Exercise details » Would you return the lines between the one holding "then show ?thesis using R_mult_P" and the one holding "then obtain w", inclusive, and only those, exactly as they stand in the listing below?

Dataset extract »
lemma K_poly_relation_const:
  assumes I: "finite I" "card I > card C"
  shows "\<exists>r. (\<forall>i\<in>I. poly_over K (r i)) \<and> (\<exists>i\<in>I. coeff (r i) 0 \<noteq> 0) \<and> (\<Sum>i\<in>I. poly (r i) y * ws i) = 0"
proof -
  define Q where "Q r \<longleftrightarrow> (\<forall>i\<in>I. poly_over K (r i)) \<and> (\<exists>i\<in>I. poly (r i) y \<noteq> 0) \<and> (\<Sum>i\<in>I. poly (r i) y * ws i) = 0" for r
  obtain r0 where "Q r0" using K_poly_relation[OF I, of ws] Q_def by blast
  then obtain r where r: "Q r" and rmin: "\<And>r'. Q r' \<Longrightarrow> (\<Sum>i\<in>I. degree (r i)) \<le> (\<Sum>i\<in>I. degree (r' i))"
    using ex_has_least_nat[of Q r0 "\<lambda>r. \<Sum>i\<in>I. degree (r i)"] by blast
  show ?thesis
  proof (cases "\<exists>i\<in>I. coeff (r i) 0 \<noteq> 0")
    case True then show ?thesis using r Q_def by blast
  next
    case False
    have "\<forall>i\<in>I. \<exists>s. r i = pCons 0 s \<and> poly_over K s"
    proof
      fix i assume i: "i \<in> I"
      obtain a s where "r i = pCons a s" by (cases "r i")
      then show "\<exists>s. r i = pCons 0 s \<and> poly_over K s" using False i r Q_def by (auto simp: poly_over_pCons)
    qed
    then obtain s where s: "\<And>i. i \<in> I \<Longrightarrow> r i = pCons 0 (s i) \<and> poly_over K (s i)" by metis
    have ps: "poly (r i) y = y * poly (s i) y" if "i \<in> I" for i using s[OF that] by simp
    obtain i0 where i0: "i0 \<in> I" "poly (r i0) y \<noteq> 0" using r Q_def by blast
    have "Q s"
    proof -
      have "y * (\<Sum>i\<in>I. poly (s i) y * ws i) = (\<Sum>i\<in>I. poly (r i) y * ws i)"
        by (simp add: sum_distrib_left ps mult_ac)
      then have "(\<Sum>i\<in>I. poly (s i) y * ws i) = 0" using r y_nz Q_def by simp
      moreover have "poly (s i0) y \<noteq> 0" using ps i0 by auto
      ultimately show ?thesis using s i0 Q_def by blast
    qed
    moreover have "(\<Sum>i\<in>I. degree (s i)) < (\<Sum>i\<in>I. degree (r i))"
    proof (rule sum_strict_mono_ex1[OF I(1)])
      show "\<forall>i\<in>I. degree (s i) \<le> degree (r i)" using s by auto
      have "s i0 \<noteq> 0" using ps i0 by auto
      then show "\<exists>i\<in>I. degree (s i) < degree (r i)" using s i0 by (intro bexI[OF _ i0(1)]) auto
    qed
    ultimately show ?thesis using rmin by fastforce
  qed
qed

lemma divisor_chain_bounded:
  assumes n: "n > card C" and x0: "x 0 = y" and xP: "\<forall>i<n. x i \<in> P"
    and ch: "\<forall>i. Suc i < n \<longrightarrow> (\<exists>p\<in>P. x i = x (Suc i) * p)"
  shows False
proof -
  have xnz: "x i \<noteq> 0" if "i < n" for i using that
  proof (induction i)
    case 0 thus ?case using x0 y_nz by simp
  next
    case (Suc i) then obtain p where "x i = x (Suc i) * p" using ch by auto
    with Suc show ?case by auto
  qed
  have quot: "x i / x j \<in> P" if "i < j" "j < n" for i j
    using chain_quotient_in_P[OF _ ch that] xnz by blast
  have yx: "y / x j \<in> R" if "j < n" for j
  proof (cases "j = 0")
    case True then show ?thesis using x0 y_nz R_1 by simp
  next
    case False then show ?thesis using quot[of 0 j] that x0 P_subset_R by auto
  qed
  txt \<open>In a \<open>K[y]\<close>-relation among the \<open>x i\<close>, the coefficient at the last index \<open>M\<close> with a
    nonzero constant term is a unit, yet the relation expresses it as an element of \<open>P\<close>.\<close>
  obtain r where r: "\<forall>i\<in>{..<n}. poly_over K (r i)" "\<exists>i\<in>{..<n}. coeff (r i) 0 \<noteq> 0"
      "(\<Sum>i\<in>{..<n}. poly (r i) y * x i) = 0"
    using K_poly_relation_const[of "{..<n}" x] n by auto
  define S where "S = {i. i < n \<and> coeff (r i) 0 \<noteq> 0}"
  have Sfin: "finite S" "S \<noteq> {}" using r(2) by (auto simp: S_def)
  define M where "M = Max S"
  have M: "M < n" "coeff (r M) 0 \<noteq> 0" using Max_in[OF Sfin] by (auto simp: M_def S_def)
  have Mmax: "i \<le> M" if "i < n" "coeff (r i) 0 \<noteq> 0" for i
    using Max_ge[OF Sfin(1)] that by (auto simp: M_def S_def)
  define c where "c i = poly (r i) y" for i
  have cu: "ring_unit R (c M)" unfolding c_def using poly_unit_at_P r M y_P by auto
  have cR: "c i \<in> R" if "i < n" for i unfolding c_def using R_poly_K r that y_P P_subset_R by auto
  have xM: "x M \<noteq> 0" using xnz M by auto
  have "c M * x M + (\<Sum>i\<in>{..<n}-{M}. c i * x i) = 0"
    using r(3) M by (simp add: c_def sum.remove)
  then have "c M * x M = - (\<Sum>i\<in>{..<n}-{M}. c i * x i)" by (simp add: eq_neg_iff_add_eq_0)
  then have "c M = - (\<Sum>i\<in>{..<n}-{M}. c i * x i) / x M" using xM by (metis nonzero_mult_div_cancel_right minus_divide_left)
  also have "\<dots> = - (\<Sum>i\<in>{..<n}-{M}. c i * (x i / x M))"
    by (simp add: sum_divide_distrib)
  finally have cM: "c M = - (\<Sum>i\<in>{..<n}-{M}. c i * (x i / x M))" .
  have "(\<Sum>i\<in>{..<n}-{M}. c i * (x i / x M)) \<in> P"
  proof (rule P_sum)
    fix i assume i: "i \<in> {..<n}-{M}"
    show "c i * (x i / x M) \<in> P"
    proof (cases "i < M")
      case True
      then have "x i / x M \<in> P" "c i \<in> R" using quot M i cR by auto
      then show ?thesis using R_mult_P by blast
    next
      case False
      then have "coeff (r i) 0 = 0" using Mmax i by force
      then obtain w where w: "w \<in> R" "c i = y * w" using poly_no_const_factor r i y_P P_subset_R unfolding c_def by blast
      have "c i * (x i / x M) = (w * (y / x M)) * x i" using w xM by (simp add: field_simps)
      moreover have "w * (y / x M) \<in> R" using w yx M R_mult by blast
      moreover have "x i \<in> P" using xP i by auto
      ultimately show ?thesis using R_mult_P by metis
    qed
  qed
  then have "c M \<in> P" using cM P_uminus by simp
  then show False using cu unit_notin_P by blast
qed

Result of this exercise »
      then show ?thesis using R_mult_P by blast
    next
      case False
      then have "coeff (r i) 0 = 0" using Mmax i by force
      then obtain w where w: "w \<in> R" "c i = y * w" using poly_no_const_factor r i y_P P_subset_R unfolding c_def by blast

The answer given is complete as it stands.